-- Data provided follows --

(* Let $L_{\mathrm{Rect}}$ be the set of words of positive length over the alphabet $\{1,2,u,d\}$ defined in the context. Then: (1) $L_{\mathrm{Rect}}$ consists precisely of those nonempty words over $\{1,2,u,d\}$ whose last (rightmost) letter is $1$ and which contain neither $21$ nor $u1$ as a (contiguous) substring; (2) $L_{\mathrm{Rect}}$ is the language of the regular expression $(1^*(2|u)^*d)^*1^+$.
   Context: Permutations $\pi\in S_n$ are written in one-line form $[\pi_1\cdots\pi_n]$; $e_n$ denotes the identity of $S_n$ and $e_0$ the unique (empty) permutation of size $0$. A permutation is rectangular if it avoids the patterns $2413,2431,4213,4231$. For $\pi\in S_n$ and $1\le i,j\le n+1$, the insertion operator $\rho_{i,j}(\pi)\in S_{n+1}$ is obtained by increasing by $1$ every entry of $\pi$ that is $\ge i$ and then inserting the value $i$ so that it occupies position $j$. Define operators on rectangular permutations: $\psi_1=\rho_{1,1}$, with domain all rectangular permutations (including $e_0$); $\psi_2=\rho_{1,2}$, with domain the rectangular permutations $\pi$ of size $\ge 1$ with $\pi_1\ne 1$; $\psi_u(\pi)=\rho_{\pi_1,1}(\pi)$, with the same domain as $\psi_2$; $\psi_d(\pi)=\rho_{\pi_1+1,1}(\pi)$, with domain all rectangular permutations of size $\ge1$. A word $x_m x_{m-1}\cdots x_1$ over $\{1,2,u,d\}$ stands for the composition $\psi_{x_m}\circ\cdots\circ\psi_{x_1}$ (the rightmost letter is applied first). $L_{\mathrm{Rect}}$ is the set of words of length $m\ge1$ such that $\psi_{x_m}\circ\cdots\circ\psi_{x_1}(e_0)$ is defined, i.e. for each $j$, the permutation $\psi_{x_{j-1}}\circ\cdots\circ\psi_{x_1}(e_0)$ lies in the domain of $\psi_{x_j}$. *)

theory Defs
  imports Main "HOL-Library.Sublist"
begin

text \<open>Permutations are represented in one-line form as lists of naturals;
  a permutation of size n is a list that is a rearrangement of [1..n].\<close>

definition is_perm :: "nat list \<Rightarrow> bool" where
  "is_perm xs \<longleftrightarrow> distinct xs \<and> set xs = {1..length xs}"

definition contains_pattern :: "nat list \<Rightarrow> nat list \<Rightarrow> bool" where
  "contains_pattern p xs \<longleftrightarrow>
     (\<exists>is. length is = length p \<and> sorted_wrt (<) is \<and> (\<forall>k\<in>set is. k < length xs) \<and>
        (\<forall>a<length p. \<forall>b<length p. (xs ! (is ! a) < xs ! (is ! b)) \<longleftrightarrow> (p ! a < p ! b)))"

definition avoids :: "nat list \<Rightarrow> nat list \<Rightarrow> bool" where
  "avoids xs p \<longleftrightarrow> \<not> contains_pattern p xs"

definition rectangular :: "nat list \<Rightarrow> bool" where
  "rectangular xs \<longleftrightarrow> is_perm xs \<and>
     avoids xs [2,4,1,3] \<and> avoids xs [2,4,3,1] \<and> avoids xs [4,2,1,3] \<and> avoids xs [4,2,3,1]"

text \<open>Insertion operator rho_{i,j}: increase entries \<ge> i by one, then insert
  value i so that it occupies (1-based) position j.\<close>
definition rho :: "nat \<Rightarrow> nat \<Rightarrow> nat list \<Rightarrow> nat list" where
  "rho i j xs = (let ys = map (\<lambda>v. if v \<ge> i then v + 1 else v) xs
                 in take (j - 1) ys @ [i] @ drop (j - 1) ys)"

datatype letter = One | Two | U | D

fun psi :: "letter \<Rightarrow> nat list \<Rightarrow> nat list option" where
  "psi One xs = (if rectangular xs then Some (rho 1 1 xs) else None)"
| "psi Two xs = (if rectangular xs \<and> length xs \<ge> 1 \<and> hd xs \<noteq> 1 then Some (rho 1 2 xs) else None)"
| "psi U xs = (if rectangular xs \<and> length xs \<ge> 1 \<and> hd xs \<noteq> 1 then Some (rho (hd xs) 1 xs) else None)"
| "psi D xs = (if rectangular xs \<and> length xs \<ge> 1 then Some (rho (hd xs + 1) 1 xs) else None)"

text \<open>A word x_m x_{m-1} ... x_1 is the list [x_m, ..., x_1]; the rightmost
  letter (last of the list) is applied first, starting from e_0 = [].\<close>
fun eval_word :: "letter list \<Rightarrow> nat list option" where
  "eval_word [] = Some []"
| "eval_word (x # w) = (case eval_word w of None \<Rightarrow> None | Some p \<Rightarrow> psi x p)"

definition L_Rect :: "letter list set" where
  "L_Rect = {w. w \<noteq> [] \<and> eval_word w \<noteq> None}"

datatype rexp = Zero | Eps | Atom letter | Alt rexp rexp | Times rexp rexp | Star rexp

definition conc :: "'a list set \<Rightarrow> 'a list set \<Rightarrow> 'a list set" where
  "conc A B = {u @ v | u v. u \<in> A \<and> v \<in> B}"

inductive_set star :: "'a list set \<Rightarrow> 'a list set" for A where
  star_nil: "[] \<in> star A"
| star_app: "u \<in> A \<Longrightarrow> v \<in> star A \<Longrightarrow> u @ v \<in> star A"

fun lang :: "rexp \<Rightarrow> letter list set" where
  "lang Zero = {}"
| "lang Eps = {[]}"
| "lang (Atom a) = {[a]}"
| "lang (Alt r s) = lang r \<union> lang s"
| "lang (Times r s) = conc (lang r) (lang s)"
| "lang (Star r) = star (lang r)"

definition Plus1 :: "rexp \<Rightarrow> rexp" where
  "Plus1 r = Times r (Star r)"

definition rect_rexp :: rexp where
  "rect_rexp = Times (Star (Times (Star (Atom One)) (Times (Star (Alt (Atom Two) (Atom U))) (Atom D))))
                     (Plus1 (Atom One))"

end

theory Submission
  imports Defs
begin

text \<open>
  Every operator preserves rectangularity. An occurrence of a forbidden pattern in
  \<open>\<psi>\<^sub>x(\<pi>)\<close> that avoids the inserted entry is already one in \<open>\<pi>\<close>. For \<open>\<psi>\<^sub>1\<close> and \<open>\<psi>\<^sub>2\<close>
  the inserted entry is the minimum and sits in position 1 or 2, where no forbidden pattern
  has its minimum. For \<open>\<psi>\<^sub>u\<close> and \<open>\<psi>\<^sub>d\<close> the inserted entry and the old first entry are
  adjacent both in position and in value, so either can stand in for the other, and an
  occurrence using both is impossible because every forbidden pattern has a value strictly
  between its first two entries.

  Hence a word is admissible exactly when every step meets the domain conditions. Since
  \<open>\<psi>\<^sub>x(\<pi>)\<close> starts with 1 iff \<open>x = 1\<close>, these say that the first letter applied is 1 and
  that 2 and u are never applied right after 1. Such words split into \<open>d\<close>-terminated blocks
  \<open>1\<^sup>*(2|u)\<^sup>*d\<close> followed by a nonempty run of 1s.
\<close>

definition shift :: "nat \<Rightarrow> nat \<Rightarrow> nat" where
  "shift i v = (if i \<le> v then v + 1 else v)"

lemma strict_mono_shift: "strict_mono (shift i)"
  by (rule strict_monoI) (auto simp: shift_def)

lemma shift_Suc: "v \<noteq> i \<Longrightarrow> shift (Suc i) v = shift i v"
  by (simp add: shift_def)

lemma rho_eq: "rho i j xs = take (j - 1) (map (shift i) xs) @ [i] @ drop (j - 1) (map (shift i) xs)"
proof -
  have "(\<lambda>v. if v \<ge> i then v + 1 else v) = shift i"
    by (simp add: shift_def fun_eq_iff)
  then show ?thesis
    by (simp add: rho_def Let_def)
qed

lemma rho_first: "rho i (Suc 0) xs = i # map (shift i) xs"
  by (simp add: rho_eq)

lemma rho_second: "rho i 2 (x # xs) = shift i x # i # map (shift i) xs"
  by (simp add: rho_eq)

lemma insert_shift_atLeastAtMost:
  assumes "1 \<le> i" "i \<le> Suc n"
  shows "insert i (shift i ` {1..n}) = {1..Suc n}"
proof (intro equalityI subsetI)
  fix x assume "x \<in> insert i (shift i ` {1..n})"
  then show "x \<in> {1..Suc n}"
    using assms by (auto simp: shift_def)
next
  fix x assume x: "x \<in> {1..Suc n}"
  consider "x = i" | "x < i" | "i < x" by linarith
  then show "x \<in> insert i (shift i ` {1..n})"
  proof cases
    case 2
    then have "x = shift i x" "x \<in> {1..n}"
      using x assms by (auto simp: shift_def)
    then show ?thesis by blast
  next
    case 3
    then have "x = shift i (x - 1)" "x - 1 \<in> {1..n}"
      using x assms by (auto simp: shift_def)
    then show ?thesis by blast
  qed simp
qed

lemma is_perm_insert:
  assumes "is_perm xs" "1 \<le> i" "i \<le> Suc (length xs)"
  shows "is_perm (i # map (shift i) xs)"
proof -
  have "i \<notin> shift i ` set xs"
    by (auto simp: shift_def)
  moreover have "distinct (map (shift i) xs)"
    using assms(1) strict_mono_shift
    by (simp add: is_perm_def distinct_map strict_mono_imp_inj_on inj_on_subset)
  ultimately show ?thesis
    using assms insert_shift_atLeastAtMost[of i "length xs"] by (simp add: is_perm_def)
qed

lemma is_perm_swap: "is_perm (a # b # xs) \<Longrightarrow> is_perm (b # a # xs)"
  by (auto simp: is_perm_def insert_commute)

lemma is_perm_ConsD: "is_perm (a # xs) \<Longrightarrow> a \<notin> set xs \<and> 1 \<le> a \<and> a \<le> Suc (length xs)"
  by (auto simp: is_perm_def)

lemma is_perm_pos: "is_perm xs \<Longrightarrow> \<forall>v\<in>set xs. 0 < v"
  by (auto simp: is_perm_def)

definition occurrence :: "nat list \<Rightarrow> nat list \<Rightarrow> nat list \<Rightarrow> bool" where
  "occurrence p xs ix \<longleftrightarrow> length ix = length p \<and> sorted_wrt (<) ix \<and> (\<forall>k\<in>set ix. k < length xs) \<and>
     (\<forall>a<length p. \<forall>b<length p. (xs ! (ix ! a) < xs ! (ix ! b)) \<longleftrightarrow> (p ! a < p ! b))"

lemma contains_pattern_iff_occurrence: "contains_pattern p xs \<longleftrightarrow> (\<exists>ix. occurrence p xs ix)"
  by (simp add: contains_pattern_def occurrence_def)

lemma contains_pattern_transfer:
  assumes "occurrence p ys ix" "strict_mono F"
    and "\<forall>k\<in>set ix. g k < length xs \<and> ys ! k = F (xs ! g k)"
    and "\<forall>k\<in>set ix. \<forall>l\<in>set ix. k < l \<longrightarrow> g k < g l"
  shows "contains_pattern p xs"
  unfolding contains_pattern_iff_occurrence
proof
  have sorted: "sorted_wrt (<) ix" and len: "length ix = length p"
    and order: "\<forall>a<length p. \<forall>b<length p. (ys ! (ix ! a) < ys ! (ix ! b)) \<longleftrightarrow> (p ! a < p ! b)"
    using assms(1) by (auto simp: occurrence_def)
  have "sorted_wrt (<) (map g ix)"
    using sorted assms(4) by (auto simp: sorted_wrt_map sorted_wrt_iff_nth_less)
  moreover have "(xs ! (map g ix ! a) < xs ! (map g ix ! b)) \<longleftrightarrow> (p ! a < p ! b)"
    if "a < length p" "b < length p" for a b
  proof -
    have "ix ! a \<in> set ix" "ix ! b \<in> set ix"
      using that len by auto
    then show ?thesis
      using order that len assms(2,3) by (simp add: strict_mono_less)
  qed
  ultimately show "occurrence p xs (map g ix)"
    using len assms(3) by (auto simp: occurrence_def)
qed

-- Data provided concluded --

About this exercise:
Search the records for the string "occupies" and return every line in which it occurs.

Response below:
   Context: Permutations $\pi\in S_n$ are written in one-line form $[\pi_1\cdots\pi_n]$; $e_n$ denotes the identity of $S_n$ and $e_0$ the unique (empty) permutation of size $0$. A permutation is rectangular if it avoids the patterns $2413,2431,4213,4231$. For $\pi\in S_n$ and $1\le i,j\le n+1$, the insertion operator $\rho_{i,j}(\pi)\in S_{n+1}$ is obtained by increasing by $1$ every entry of $\pi$ that is $\ge i$ and then inserting the value $i$ so that it occupies position $j$. Define operators on rectangular permutations: $\psi_1=\rho_{1,1}$, with domain all rectangular permutations (including $e_0$); $\psi_2=\rho_{1,2}$, with domain the rectangular permutations $\pi$ of size $\ge 1$ with $\pi_1\ne 1$; $\psi_u(\pi)=\rho_{\pi_1,1}(\pi)$, with the same domain as $\psi_2$; $\psi_d(\pi)=\rho_{\pi_1+1,1}(\pi)$, with domain all rectangular permutations of size $\ge1$. A word $x_m x_{m-1}\cdots x_1$ over $\{1,2,u,d\}$ stands for the composition $\psi_{x_m}\circ\cdots\circ\psi_{x_1}$ (the rightmost letter is applied first). $L_{\mathrm{Rect}}$ is the set of words of length $m\ge1$ such that $\psi_{x_m}\circ\cdots\circ\psi_{x_1}(e_0)$ is defined, i.e. for each $j$, the permutation $\psi_{x_{j-1}}\circ\cdots\circ\psi_{x_1}(e_0)$ lies in the domain of $\psi_{x_j}$. *)
  value i so that it occupies (1-based) position j.\<close>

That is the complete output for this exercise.